• **Task instructions**
Compute how many lines in the entries below include the string "first". Only the number is wanted.

• **Data excerpts**
▼

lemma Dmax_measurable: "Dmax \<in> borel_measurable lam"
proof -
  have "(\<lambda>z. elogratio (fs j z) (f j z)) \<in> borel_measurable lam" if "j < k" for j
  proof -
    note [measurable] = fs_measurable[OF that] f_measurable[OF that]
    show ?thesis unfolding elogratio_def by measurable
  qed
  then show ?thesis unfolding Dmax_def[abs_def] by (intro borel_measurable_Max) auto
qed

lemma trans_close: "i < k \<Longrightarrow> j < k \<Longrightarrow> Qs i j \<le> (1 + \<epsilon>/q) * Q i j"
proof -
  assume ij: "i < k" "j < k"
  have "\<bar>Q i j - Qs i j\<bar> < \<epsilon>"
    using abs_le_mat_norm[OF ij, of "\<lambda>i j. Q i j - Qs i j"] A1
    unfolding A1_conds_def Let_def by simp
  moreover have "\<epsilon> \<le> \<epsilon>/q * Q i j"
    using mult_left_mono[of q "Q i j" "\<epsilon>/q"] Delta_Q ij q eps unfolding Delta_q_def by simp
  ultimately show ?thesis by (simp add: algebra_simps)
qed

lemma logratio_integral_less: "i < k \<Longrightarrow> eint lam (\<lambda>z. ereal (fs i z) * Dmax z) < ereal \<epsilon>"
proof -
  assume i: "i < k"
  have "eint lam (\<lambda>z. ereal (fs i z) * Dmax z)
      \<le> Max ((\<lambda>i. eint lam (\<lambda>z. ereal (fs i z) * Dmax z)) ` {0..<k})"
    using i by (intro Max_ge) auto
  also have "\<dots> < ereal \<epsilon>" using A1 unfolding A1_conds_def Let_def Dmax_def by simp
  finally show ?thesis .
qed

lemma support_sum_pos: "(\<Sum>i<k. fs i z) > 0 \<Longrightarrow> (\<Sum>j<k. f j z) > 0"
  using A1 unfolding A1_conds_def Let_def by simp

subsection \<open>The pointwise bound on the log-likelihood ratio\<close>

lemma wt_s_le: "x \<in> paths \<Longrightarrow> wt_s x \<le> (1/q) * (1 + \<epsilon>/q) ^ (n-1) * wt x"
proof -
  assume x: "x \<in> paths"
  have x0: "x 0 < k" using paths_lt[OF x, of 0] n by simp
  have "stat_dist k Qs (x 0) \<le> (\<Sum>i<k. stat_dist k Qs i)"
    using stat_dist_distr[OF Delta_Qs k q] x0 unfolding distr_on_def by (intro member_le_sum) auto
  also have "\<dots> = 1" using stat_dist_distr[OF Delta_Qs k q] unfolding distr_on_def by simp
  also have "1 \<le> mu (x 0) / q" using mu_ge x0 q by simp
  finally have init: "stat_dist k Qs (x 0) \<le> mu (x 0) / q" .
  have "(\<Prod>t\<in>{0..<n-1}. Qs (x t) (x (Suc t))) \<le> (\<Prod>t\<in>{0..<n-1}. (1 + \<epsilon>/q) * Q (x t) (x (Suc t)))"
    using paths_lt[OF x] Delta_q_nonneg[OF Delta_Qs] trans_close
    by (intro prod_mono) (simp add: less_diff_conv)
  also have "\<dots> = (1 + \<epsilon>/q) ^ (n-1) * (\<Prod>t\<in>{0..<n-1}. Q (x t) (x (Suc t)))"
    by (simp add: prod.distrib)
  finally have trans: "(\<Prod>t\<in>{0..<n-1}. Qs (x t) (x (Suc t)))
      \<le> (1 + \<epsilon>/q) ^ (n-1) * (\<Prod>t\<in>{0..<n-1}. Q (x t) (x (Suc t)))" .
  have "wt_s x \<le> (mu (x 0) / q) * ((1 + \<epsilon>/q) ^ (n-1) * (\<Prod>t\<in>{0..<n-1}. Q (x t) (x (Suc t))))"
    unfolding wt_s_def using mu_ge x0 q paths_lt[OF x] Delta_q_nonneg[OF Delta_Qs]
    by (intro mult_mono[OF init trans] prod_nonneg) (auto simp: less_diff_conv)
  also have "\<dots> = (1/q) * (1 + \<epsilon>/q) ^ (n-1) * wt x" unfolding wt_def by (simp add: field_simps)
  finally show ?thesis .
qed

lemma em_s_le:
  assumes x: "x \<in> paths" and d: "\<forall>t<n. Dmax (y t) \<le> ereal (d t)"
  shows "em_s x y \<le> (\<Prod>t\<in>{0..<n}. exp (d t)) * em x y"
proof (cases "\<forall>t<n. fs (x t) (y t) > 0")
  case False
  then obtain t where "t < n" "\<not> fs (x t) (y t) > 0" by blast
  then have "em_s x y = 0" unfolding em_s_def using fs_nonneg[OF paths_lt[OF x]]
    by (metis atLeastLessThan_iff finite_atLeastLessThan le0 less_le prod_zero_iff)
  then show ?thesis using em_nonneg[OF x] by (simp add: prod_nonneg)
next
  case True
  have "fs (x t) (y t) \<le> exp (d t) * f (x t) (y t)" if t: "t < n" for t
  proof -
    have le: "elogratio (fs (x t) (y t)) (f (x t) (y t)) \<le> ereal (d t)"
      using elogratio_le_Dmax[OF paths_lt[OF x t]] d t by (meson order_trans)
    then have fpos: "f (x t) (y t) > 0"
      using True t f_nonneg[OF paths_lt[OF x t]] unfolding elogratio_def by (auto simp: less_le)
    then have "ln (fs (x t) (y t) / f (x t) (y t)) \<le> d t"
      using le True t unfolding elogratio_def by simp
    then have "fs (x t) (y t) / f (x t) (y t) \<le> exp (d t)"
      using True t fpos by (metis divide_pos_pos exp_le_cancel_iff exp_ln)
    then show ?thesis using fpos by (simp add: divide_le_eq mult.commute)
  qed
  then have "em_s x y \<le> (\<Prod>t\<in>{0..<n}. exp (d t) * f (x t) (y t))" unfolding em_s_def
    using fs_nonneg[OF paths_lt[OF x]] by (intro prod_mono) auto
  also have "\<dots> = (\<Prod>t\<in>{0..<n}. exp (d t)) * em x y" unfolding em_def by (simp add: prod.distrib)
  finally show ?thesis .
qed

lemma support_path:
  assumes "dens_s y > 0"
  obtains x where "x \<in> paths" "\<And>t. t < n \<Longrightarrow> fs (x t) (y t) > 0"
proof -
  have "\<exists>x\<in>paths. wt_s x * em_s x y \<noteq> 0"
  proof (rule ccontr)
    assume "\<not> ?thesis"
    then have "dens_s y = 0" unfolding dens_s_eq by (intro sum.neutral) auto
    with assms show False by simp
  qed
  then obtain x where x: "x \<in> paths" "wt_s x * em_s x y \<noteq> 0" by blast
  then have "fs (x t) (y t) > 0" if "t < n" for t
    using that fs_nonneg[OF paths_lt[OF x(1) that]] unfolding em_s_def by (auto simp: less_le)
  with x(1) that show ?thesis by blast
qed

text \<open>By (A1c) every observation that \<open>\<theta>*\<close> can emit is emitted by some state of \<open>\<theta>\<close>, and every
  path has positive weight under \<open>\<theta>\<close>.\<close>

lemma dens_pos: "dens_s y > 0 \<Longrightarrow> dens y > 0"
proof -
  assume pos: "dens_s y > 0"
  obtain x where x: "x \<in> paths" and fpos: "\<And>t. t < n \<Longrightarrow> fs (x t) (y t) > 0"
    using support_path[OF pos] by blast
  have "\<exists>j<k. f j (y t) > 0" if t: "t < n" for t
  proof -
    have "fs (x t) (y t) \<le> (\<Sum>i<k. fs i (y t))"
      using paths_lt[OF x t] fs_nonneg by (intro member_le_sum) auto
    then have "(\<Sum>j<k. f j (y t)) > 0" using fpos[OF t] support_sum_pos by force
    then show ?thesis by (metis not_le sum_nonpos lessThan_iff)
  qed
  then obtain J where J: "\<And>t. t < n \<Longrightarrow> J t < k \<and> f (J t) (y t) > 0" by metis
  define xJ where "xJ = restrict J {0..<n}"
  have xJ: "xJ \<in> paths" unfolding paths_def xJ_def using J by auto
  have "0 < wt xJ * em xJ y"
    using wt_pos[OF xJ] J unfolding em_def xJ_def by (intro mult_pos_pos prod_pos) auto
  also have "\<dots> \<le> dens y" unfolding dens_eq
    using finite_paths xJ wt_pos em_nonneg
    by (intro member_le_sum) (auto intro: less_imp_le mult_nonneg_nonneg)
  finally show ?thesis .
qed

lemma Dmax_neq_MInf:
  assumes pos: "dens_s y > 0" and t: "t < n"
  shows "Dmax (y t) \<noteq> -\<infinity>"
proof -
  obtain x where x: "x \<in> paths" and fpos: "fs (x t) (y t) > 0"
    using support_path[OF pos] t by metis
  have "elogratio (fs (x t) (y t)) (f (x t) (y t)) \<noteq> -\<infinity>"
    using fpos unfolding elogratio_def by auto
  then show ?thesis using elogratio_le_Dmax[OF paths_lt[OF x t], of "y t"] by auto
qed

▲
▼

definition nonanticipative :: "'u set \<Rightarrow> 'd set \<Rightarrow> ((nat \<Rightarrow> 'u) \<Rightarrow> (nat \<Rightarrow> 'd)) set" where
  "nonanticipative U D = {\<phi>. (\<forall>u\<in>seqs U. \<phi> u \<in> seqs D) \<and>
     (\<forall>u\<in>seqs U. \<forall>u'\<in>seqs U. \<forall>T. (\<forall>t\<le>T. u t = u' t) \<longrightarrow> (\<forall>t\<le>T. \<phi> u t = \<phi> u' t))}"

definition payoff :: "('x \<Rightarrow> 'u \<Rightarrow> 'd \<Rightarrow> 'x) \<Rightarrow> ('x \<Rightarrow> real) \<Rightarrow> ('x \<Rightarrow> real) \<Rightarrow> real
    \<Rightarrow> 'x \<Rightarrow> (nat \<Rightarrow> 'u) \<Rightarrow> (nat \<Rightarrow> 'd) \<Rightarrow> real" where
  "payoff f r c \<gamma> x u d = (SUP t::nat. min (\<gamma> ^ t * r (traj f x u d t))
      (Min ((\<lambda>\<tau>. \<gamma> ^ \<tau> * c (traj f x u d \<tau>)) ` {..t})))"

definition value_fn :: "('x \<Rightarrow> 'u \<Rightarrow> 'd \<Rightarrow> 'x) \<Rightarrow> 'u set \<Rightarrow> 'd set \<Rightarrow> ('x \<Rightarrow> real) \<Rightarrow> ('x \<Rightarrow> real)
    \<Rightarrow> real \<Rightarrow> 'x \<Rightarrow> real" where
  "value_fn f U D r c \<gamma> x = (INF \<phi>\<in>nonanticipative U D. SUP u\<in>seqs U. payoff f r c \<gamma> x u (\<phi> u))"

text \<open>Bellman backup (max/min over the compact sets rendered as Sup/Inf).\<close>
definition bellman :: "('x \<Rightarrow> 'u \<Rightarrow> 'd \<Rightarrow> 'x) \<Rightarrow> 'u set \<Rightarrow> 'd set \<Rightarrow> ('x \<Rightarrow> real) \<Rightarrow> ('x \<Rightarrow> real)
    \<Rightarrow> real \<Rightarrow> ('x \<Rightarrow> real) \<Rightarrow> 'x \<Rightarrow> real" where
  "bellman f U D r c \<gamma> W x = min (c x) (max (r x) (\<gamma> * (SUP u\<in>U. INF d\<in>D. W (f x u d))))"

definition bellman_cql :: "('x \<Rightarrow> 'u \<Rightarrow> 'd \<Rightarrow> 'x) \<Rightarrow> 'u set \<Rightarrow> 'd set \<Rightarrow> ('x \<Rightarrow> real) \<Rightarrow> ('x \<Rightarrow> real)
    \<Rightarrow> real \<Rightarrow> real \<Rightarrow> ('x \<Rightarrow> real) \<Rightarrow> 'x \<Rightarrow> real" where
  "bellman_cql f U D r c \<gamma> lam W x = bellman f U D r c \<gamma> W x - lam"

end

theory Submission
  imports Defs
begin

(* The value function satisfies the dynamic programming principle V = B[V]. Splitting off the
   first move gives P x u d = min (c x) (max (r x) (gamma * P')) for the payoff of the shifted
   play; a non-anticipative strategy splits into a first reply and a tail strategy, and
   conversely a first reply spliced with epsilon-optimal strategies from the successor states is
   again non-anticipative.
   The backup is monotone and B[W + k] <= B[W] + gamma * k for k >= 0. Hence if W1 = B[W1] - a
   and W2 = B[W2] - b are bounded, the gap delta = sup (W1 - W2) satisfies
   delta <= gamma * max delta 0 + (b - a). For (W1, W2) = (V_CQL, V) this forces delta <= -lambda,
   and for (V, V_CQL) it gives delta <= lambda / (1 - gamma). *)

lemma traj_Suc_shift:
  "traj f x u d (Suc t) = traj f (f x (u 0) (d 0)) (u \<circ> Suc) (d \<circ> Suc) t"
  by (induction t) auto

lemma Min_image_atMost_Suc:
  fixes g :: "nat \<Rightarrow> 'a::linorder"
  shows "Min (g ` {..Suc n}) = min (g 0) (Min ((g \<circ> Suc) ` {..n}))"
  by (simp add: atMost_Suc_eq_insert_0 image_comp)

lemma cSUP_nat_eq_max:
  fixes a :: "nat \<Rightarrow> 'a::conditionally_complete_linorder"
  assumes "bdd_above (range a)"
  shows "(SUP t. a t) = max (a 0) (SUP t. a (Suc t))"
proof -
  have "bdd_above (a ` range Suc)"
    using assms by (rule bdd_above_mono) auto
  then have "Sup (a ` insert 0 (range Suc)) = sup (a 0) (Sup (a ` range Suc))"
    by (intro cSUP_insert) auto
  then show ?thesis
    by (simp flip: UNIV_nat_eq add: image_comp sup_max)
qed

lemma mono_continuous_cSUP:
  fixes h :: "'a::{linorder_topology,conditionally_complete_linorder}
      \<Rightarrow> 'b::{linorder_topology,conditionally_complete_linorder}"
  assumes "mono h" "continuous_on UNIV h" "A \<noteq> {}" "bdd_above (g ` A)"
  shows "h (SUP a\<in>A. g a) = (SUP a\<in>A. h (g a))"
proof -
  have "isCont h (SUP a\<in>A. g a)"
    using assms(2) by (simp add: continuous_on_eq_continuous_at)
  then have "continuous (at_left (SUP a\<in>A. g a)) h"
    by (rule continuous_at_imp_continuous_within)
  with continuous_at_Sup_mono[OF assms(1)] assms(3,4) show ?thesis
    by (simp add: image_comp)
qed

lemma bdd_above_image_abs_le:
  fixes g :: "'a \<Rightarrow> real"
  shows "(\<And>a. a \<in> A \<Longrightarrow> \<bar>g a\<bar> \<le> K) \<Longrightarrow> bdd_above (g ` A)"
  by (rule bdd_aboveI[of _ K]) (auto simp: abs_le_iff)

▲

• **Written answer**
3